§ About this exercise:
Check every line of the data below for the word "False". Copy the ones that have it.

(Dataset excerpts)
lemma distinct_tl_word_walk_morpheme:
  assumes "S \<subseteq> carrier G" "morpheme G S m" "g \<in> carrier G"
  shows "distinct (tl (word_walk G g m))"
proof -
  have carr: "set (take k m) \<subseteq> carrier G" for k
    using morpheme_carrier[OF assms(1,2)] by (meson order_trans set_take_subset)
  have "inj_on (\<lambda>k. g \<otimes> word_eval G (take k m)) {1..length m}"
  proof (rule inj_onI)
    fix i j
    assume "i \<in> {1..length m}" "j \<in> {1..length m}"
      and "g \<otimes> word_eval G (take i m) = g \<otimes> word_eval G (take j m)"
    then have "i \<ge> 1" "j \<ge> 1" "i \<le> length m" "j \<le> length m"
      and "word_eval G (take i m) = word_eval G (take j m)"
      using carr assms(3) by auto
    then show "i = j"
      using morpheme_prefix_evals_distinct[OF assms(1,2)]
      by (metis linorder_neqE_nat less_le_trans zero_less_one)
  qed
  then show ?thesis
    by (simp add: word_walk_def distinct_map map_tl[symmetric] atLeastLessThanSuc_atLeastAtMost del: upt_Suc)
qed

lemma cay_adj_sym:
  assumes "S \<subseteq> carrier G" "\<forall>s\<in>S. inv s \<in> S" "cay_adj G S g h"
  shows "cay_adj G S h g"
proof -
  obtain s where s: "s \<in> S" "h = g \<otimes> s" "g \<in> carrier G" "h \<in> carrier G"
    using assms(3) by (auto simp: cay_adj_def)
  then have "g = h \<otimes> inv s"
    using assms(1) by (auto simp: m_assoc)
  with s assms(2) show ?thesis
    by (auto simp: cay_adj_def)
qed

lemma is_cycle_rev:
  assumes "S \<subseteq> carrier G" "\<forall>s\<in>S. inv s \<in> S" "is_cycle G S cs"
  shows "is_cycle G S (rev cs)"
proof -
  define n where "n = length cs"
  have adj: "cay_adj G S (cs ! j) (cs ! (Suc j mod n))" if "j < n" for j
    using assms(3) that by (simp add: is_cycle_def n_def)
  have "cay_adj G S (rev cs ! i) (rev cs ! (Suc i mod n))" if "i < n" for i
  proof (cases "Suc i < n")
    case True
    with adj[of "n - Suc (Suc i)"] have "cay_adj G S (cs ! (n - Suc (Suc i))) (cs ! (n - Suc i))"
      by (simp add: Suc_diff_Suc)
    with True show ?thesis
      using cay_adj_sym[OF assms(1,2)] by (simp add: rev_nth n_def)
  next
    case False
    with that have "i = n - 1" "n \<noteq> 0"
      by auto
    with adj[of "n - 1"] show ?thesis
      using cay_adj_sym[OF assms(1,2)] by (simp add: rev_nth n_def)
  qed
  with assms(3) show ?thesis
    by (simp add: is_cycle_def n_def)
qed

lemma morpheme_subword_not_strongly_traversed:
  assumes "S \<subseteq> carrier G" "card X = 2" "morpheme G S m" "length m \<le> r" "m = p @ w @ q"
  shows "\<not> word_strongly_traverses G S r X w"
proof
  assume "word_strongly_traverses G S r X w"
  then obtain v p' ws q' where v: "v \<in> carrier G" "word_walk G v w = p' @ ws @ q'"
    and trav: "strong_trav G S r X ws"
    by (auto simp: word_strongly_traverses_def)
  have carr: "set p \<subseteq> carrier G" "set w \<subseteq> carrier G" "set q \<subseteq> carrier G"
    using morpheme_carrier[OF assms(1,3)] assms(5) by auto
  define g where "g = v \<otimes> inv (word_eval G p)"
  have g: "g \<in> carrier G" "g \<otimes> word_eval G p = v"
    using carr v(1) by (auto simp: g_def m_assoc)
  define W where "W = word_walk G g m"
  obtain pre post where "W = pre @ word_walk G v w @ post"
    using word_walk_infix[OF g(1) carr] unfolding g(2) assms(5)[symmetric] W_def[symmetric] .
  then have "W = (pre @ p') @ ws @ (q' @ post)"
    using v(2) by simp
  moreover have "is_walk G S W"
    using is_walk_word_walk[OF assms(1) g(1)] assms(3) by (simp add: W_def morpheme_def)
  moreover have "hd W = last W"
    using assms(3) g(1) morpheme_carrier[OF assms(1,3)]
    by (simp add: W_def last_word_walk morpheme_def)
  moreover have "distinct (tl W)"
    using distinct_tl_word_walk_morpheme[OF assms(1,3) g(1)] by (simp add: W_def)
  moreover have "length W \<le> Suc r"
    using assms(4) by (simp add: W_def word_walk_def)
  ultimately show False
    using closed_walk_not_strong_trav[OF assms(2)] trav by blast
qed

lemma cyclic_subword_of_morpheme:
  assumes "S \<subseteq> carrier G" "\<forall>s\<in>S. inv s \<in> S" "morpheme G S m" "cyclic_subword G w m"
    "set w \<subseteq> carrier G"
  obtains m' p q where "morpheme G S m'" "length m' = length m" "m' = p @ w @ q"
proof -
  obtain k p q where "rotate k m = p @ w @ q \<or> rotate k m = p @ word_inv G w @ q"
    using assms(4) by (auto simp: cyclic_subword_def)
  moreover have "morpheme G S (rotate k m)"
    using morpheme_rotate[OF assms(1,3)] .
  moreover have "word_inv G (p @ word_inv G w @ q) = word_inv G q @ w @ word_inv G p"
    using assms(5) by (simp add: word_inv_append)
  ultimately show ?thesis
    using that morpheme_word_inv[OF assms(1,2)] by (metis length_rotate length_rev length_map word_inv_def)
qed

end

lemma local_2sep_card: "local_2sep G S r X \<Longrightarrow> card X = 2"
  by (auto simp: local_2sep_def)
(* Fix an integer $m\ge1$ and define numbers $r_n$ by $\sum_{n\ge0} r_n x^n=\dfrac{1}{1-x-x^m}$. Then for every $n\ge m+1$, $$r_{n-m-1}=\sum_{(a_1,\dots,a_k)\in C(n)}\Bigl\lfloor\frac{a_1-1}{m}\Bigr\rfloor\cdots\Bigl\lfloor\frac{a_k-1}{m}\Bigr\rfloor,$$ where the only nonzero terms come from compositions in which every part is at least $m+1$.
   Context: $C(n)$ denotes the set of all compositions $(a_1,\dots,a_k)$ of $n$ (finite sequences of positive integers with sum $n$), with any number $k$ of parts. *)

theory Defs
  imports Complex_Main "HOL-Computational_Algebra.Formal_Power_Series"
begin

definition compositions :: "nat \<Rightarrow> nat list set" where
  "compositions n = {as. (\<forall>a\<in>set as. 0 < a) \<and> sum_list as = n}"

definition rseq :: "nat \<Rightarrow> nat \<Rightarrow> rat" where
  "rseq m n = fps_nth (inverse (1 - fps_X - fps_X ^ m)) n"

end

theory Submission
  imports Defs
begin

text \<open>Splitting off the first part gives the recursion \<open>S(n) = \<Sum> w(a) S(n - a)\<close>
  (over \<open>1 \<le> a \<le> n\<close>) for weighted composition sums, so their generating function is
  \<open>1 / (1 - W)\<close> with \<open>W = \<Sum> w(a) x\<^sup>a\<close> (over \<open>a \<ge> 1\<close>). For the weight \<open>w(a) = \<lfloor>(a - 1)/m\<rfloor>\<close>
  one has \<open>W = x\<^bsup>m+1\<^esup> / ((1 - x)(1 - x\<^sup>m))\<close>, and since
  \<open>(1 - x)(1 - x\<^sup>m) - x\<^bsup>m+1\<^esup> = 1 - x - x\<^sup>m\<close>, this gives
  \<open>1 / (1 - W) = 1 + x\<^bsup>m+1\<^esup> / (1 - x - x\<^sup>m)\<close>. Now compare coefficients of \<open>x\<^sup>n\<close>.\<close>

lemma length_le_sum_list_pos:
  "\<forall>a\<in>set as. 0 < a \<Longrightarrow> length as \<le> sum_list (as :: nat list)"
  by (induction as) auto

lemma finite_compositions: "finite (compositions n)"
proof -
  have "compositions n \<subseteq> {as. set as \<subseteq> {0..n} \<and> length as \<le> n}"
    using length_le_sum_list_pos member_le_sum_list
    unfolding compositions_def by fastforce
  then show ?thesis
    using finite_lists_length_le[of "{0..n}" n] finite_subset by blast
qed

lemma compositions_0: "compositions 0 = {[]}"
proof -
  have "as = []" if "as \<in> compositions 0" for as
    using that unfolding compositions_def by (cases as) auto
  then show ?thesis
    unfolding compositions_def by auto
qed

lemma compositions_eq_UN_Cons:
  assumes "0 < n"
  shows "compositions n = (\<Union>a\<in>{1..n}. (#) a ` compositions (n - a))"
proof (intro set_eqI iffI)
  fix as assume as: "as \<in> compositions n"
  with assms obtain a bs where as_eq: "as = a # bs"
    unfolding compositions_def by (cases as) auto
  with as have "a \<in> {1..n}" and "bs \<in> compositions (n - a)"
    unfolding compositions_def by auto
  then show "as \<in> (\<Union>a\<in>{1..n}. (#) a ` compositions (n - a))"
    unfolding as_eq by blast
qed (auto simp: compositions_def)

definition composition_sum :: "(nat \<Rightarrow> 'a::comm_ring_1) \<Rightarrow> nat \<Rightarrow> 'a" where
  "composition_sum w n = (\<Sum>as\<in>compositions n. \<Prod>a\<leftarrow>as. w a)"

lemma composition_sum_0 [simp]: "composition_sum w 0 = 1"
  by (simp add: composition_sum_def compositions_0)

lemma composition_sum_rec:
  assumes "0 < n"
  shows "composition_sum w n = (\<Sum>a=1..n. w a * composition_sum w (n - a))"
proof -
  have "composition_sum w n = (\<Sum>a=1..n. \<Sum>as\<in>(#) a ` compositions (n - a). \<Prod>b\<leftarrow>as. w b)"
    unfolding composition_sum_def compositions_eq_UN_Cons[OF assms]
    by (rule sum.UNION_disjoint) (auto simp: finite_compositions)
  also have "\<dots> = (\<Sum>a=1..n. \<Sum>as\<in>compositions (n - a). \<Prod>b\<leftarrow>a # as. w b)"
  proof (rule sum.cong [OF refl])
    fix a
    show "(\<Sum>as\<in>(#) a ` compositions (n - a). \<Prod>b\<leftarrow>as. w b)
          = (\<Sum>as\<in>compositions (n - a). \<Prod>b\<leftarrow>a # as. w b)"
      by (subst sum.reindex) (auto simp: inj_on_def)
  qed
  finally show ?thesis
    by (simp add: composition_sum_def sum_distrib_left)
qed

lemma composition_sum_of_int:
  "of_int (composition_sum w n) = composition_sum (\<lambda>a. of_int (w a)) n"
proof -
  have "of_int (\<Prod>a\<leftarrow>as. w a) = (\<Prod>a\<leftarrow>as. of_int (w a) :: 'a)" for as
    by (induction as) simp_all
  then show ?thesis
    by (simp add: composition_sum_def)
qed

lemma fps_composition_sum:
  fixes w :: "nat \<Rightarrow> 'a::field"
  shows "Abs_fps (composition_sum w) = inverse (1 - Abs_fps (\<lambda>a. if a = 0 then 0 else w a))"
proof -
  define S where "S = Abs_fps (composition_sum w)"
  define W where "W = Abs_fps (\<lambda>a. if a = 0 then 0 else w a)"
  have "S = 1 + W * S"
  proof (rule fps_ext)
    fix n
    show "fps_nth S n = fps_nth (1 + W * S) n"
    proof (cases "n = 0")
      case False
      have "fps_nth (W * S) n = (\<Sum>a=1..n. fps_nth W a * fps_nth S (n - a))"
        by (simp add: fps_mult_nth sum.atLeast_Suc_atMost W_def)
      with False show ?thesis
        by (simp add: S_def W_def composition_sum_rec)
    qed (simp add: S_def W_def)
  qed
  then have "(1 - W) * S = 1"
    by (metis add_diff_cancel_right' left_diff_distrib mult_1)
  then show ?thesis
    unfolding S_def W_def by (rule fps_inverse_unique [symmetric])
qed

lemma floor_pred_divide_of_nat:
  "1 \<le> a \<Longrightarrow> \<lfloor>(of_nat a - 1) / (of_nat m :: 'a::floor_ceiling)\<rfloor> = int ((a - 1) div m)"
  by (metis floor_divide_of_nat_eq of_nat_1 of_nat_diff)

lemma floor_pred_divide_of_nat_eq_0:
  "1 \<le> a \<Longrightarrow> a \<le> m \<Longrightarrow> \<lfloor>(of_nat a - 1) / (of_nat m :: 'a::floor_ceiling)\<rfloor> = 0"
  by (simp add: floor_pred_divide_of_nat)

lemma pred_div_diff_eq:
  fixes m n :: nat
  assumes "1 \<le> m"
  shows "(n - 1) div m - (n - m - 1) div m = (if m < n then 1 else 0)"
proof (cases "m < n")
  case True
  then have "n - 1 = (n - m - 1) + m" by simp
  then have "(n - 1) div m = (n - m - 1) div m + 1"
    using assms by (simp only: div_add_self2)
  with True show ?thesis by simp
next
  case False
  with assms have "n - 1 < m" by simp
  with False show ?thesis by simp
qed

lemma fps_pred_div_times_one_minus_X_power:
  assumes "1 \<le> m"
  shows "(1 - fps_X ^ m) * Abs_fps (\<lambda>n. of_nat ((n - 1) div m) :: 'a::comm_ring_1)
         = Abs_fps (\<lambda>n. if m < n then 1 else 0)"
proof (rule fps_ext)
  fix n
  have "fps_nth ((1 - fps_X ^ m) * Abs_fps (\<lambda>n. of_nat ((n - 1) div m) :: 'a)) n
        = of_nat ((n - 1) div m) - of_nat ((n - m - 1) div m)"
    by (simp add: left_diff_distrib fps_X_power_mult_nth)
  also have "\<dots> = of_nat ((n - 1) div m - (n - m - 1) div m)"
    by (simp add: of_nat_diff div_le_mono)
  also have "\<dots> = fps_nth (Abs_fps (\<lambda>n. if m < n then 1 else 0)) n"
    unfolding pred_div_diff_eq[OF assms] by simp
  finally show "fps_nth ((1 - fps_X ^ m) * Abs_fps (\<lambda>n. of_nat ((n - 1) div m) :: 'a)) n
             = fps_nth (Abs_fps (\<lambda>n. if m < n then 1 else 0)) n" .
qed

lemma fps_one_minus_X_times_tail:
  "(1 - fps_X) * Abs_fps (\<lambda>n. if k < n then 1 else 0) = (fps_X ^ Suc k :: 'a::comm_ring_1 fps)"
  by (rule fps_ext) (auto simp: left_diff_distrib fps_X_power_nth)

lemma fps_inverse_one_minus_pred_div:
  fixes m :: nat
  assumes m: "1 \<le> m"
  defines "W \<equiv> Abs_fps (\<lambda>n. of_nat ((n - 1) div m) :: 'a::field)"
  shows "inverse (1 - W) = 1 + fps_X ^ Suc m * inverse (1 - fps_X - fps_X ^ m)"
proof -
  define P :: "'a fps" where "P = 1 - fps_X - fps_X ^ m"
  define Q :: "'a fps" where "Q = (1 - fps_X) * (1 - fps_X ^ m)"
  have "W * Q = (1 - fps_X) * ((1 - fps_X ^ m) * W)"
    by (simp only: Q_def mult_ac)
  also have "\<dots> = fps_X ^ Suc m"
    unfolding W_def fps_pred_div_times_one_minus_X_power[OF m] by (rule fps_one_minus_X_times_tail)
  finally have "W * Q = fps_X ^ Suc m" .
  moreover have Q: "Q = P + fps_X ^ Suc m"
    unfolding Q_def P_def by (simp add: algebra_simps)
  ultimately have "(1 - W) * Q = P"
    by (simp add: left_diff_distrib)
  then have "Q * inverse P = inverse (1 - W) * (Q * inverse Q)"
    by (metis fps_inverse_mult mult.commute mult.left_commute)
  moreover have "Q * inverse Q = 1"
    using m by (intro inverse_mult_eq_1') (simp add: Q_def)
  ultimately have "inverse (1 - W) = Q * inverse P"
    by simp
  also have "\<dots> = 1 + fps_X ^ Suc m * inverse P"
    using m by (simp add: Q P_def distrib_right inverse_mult_eq_1')
  finally show ?thesis
    unfolding P_def .
qed

lemma composition_sum_pred_div:
  assumes "1 \<le> m" and "m < n"
  shows "composition_sum (\<lambda>a. of_nat ((a - 1) div m)) n = rseq m (n - m - 1)"
proof -
  let ?w = "\<lambda>a. of_nat ((a - 1) div m) :: rat"
  \<comment> \<open>\<open>?w 0 = 0\<close> because of truncated subtraction, so no case split at \<open>0\<close> is needed\<close>
  have "Abs_fps (\<lambda>a. if a = 0 then 0 else ?w a) = Abs_fps ?w"
    by (rule fps_ext) simp
  then have "Abs_fps (composition_sum ?w) = inverse (1 - Abs_fps ?w)"
    by (simp only: fps_composition_sum)
  also have "\<dots> = 1 + fps_X ^ Suc m * inverse (1 - fps_X - fps_X ^ m)"
    by (rule fps_inverse_one_minus_pred_div[OF assms(1)])
  finally have "Abs_fps (composition_sum ?w) = 1 + fps_X ^ Suc m * inverse (1 - fps_X - fps_X ^ m)" .
  then have "composition_sum ?w n = fps_nth (1 + fps_X ^ Suc m * inverse (1 - fps_X - fps_X ^ m)) n"
    by (metis fps_nth_Abs_fps)
  with assms(2) show ?thesis
    unfolding rseq_def fps_add_nth fps_X_power_mult_nth by simp
qed

theorem proposition7:
  fixes m n :: nat
  assumes "m \<ge> 1" and "n \<ge> m + 1"
  shows "rseq m (n - m - 1) =
           of_int (\<Sum>as\<in>compositions n.
                     \<Prod>a\<leftarrow>as. \<lfloor>(of_nat a - 1) / (of_nat m :: rat)\<rfloor>)
         \<and> (\<forall>as\<in>compositions n.
              (\<Prod>a\<leftarrow>as. \<lfloor>(of_nat a - 1) / (of_nat m :: rat)\<rfloor>) \<noteq> 0
              \<longrightarrow> (\<forall>a\<in>set as. a \<ge> m + 1))"
proof -
  have floor_eq: "\<lfloor>(of_nat a - 1) / (of_nat m :: rat)\<rfloor> = int ((a - 1) div m)"
    if "as \<in> compositions n" "a \<in> set as" for as a
  proof -
    from that have "1 \<le> a"
      unfolding compositions_def by auto
    then show ?thesis
      by (rule floor_pred_divide_of_nat)
  qed
  have "(\<Sum>as\<in>compositions n. \<Prod>a\<leftarrow>as. \<lfloor>(of_nat a - 1) / (of_nat m :: rat)\<rfloor>)
        = composition_sum (\<lambda>a. int ((a - 1) div m)) n"
    unfolding composition_sum_def using floor_eq by (intro sum.cong refl arg_cong[of _ _ prod_list]) simp
  moreover have "of_int (composition_sum (\<lambda>a. int ((a - 1) div m)) n) = rseq m (n - m - 1)"
    using composition_sum_pred_div[of m n] assms by (simp add: composition_sum_of_int)
  moreover have "a \<ge> m + 1"
    if "as \<in> compositions n" "(\<Prod>a\<leftarrow>as. \<lfloor>(of_nat a - 1) / (of_nat m :: rat)\<rfloor>) \<noteq> 0"
      and "a \<in> set as" for as a
  proof (rule ccontr)
    assume "\<not> a \<ge> m + 1"
    moreover have "1 \<le> a"
      using that unfolding compositions_def by auto
    ultimately have "\<lfloor>(of_nat a - 1) / (of_nat m :: rat)\<rfloor> = 0"
      by (simp add: floor_pred_divide_of_nat_eq_0)
    with that show False
      by (auto simp: prod_list_zero_iff)
  qed
  ultimately show ?thesis
    by auto
qed

end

§ Task output:
    case False
  ultimately show False
      case False
      with False show ?thesis
  case False
  with False show ?thesis by simp
    with that show False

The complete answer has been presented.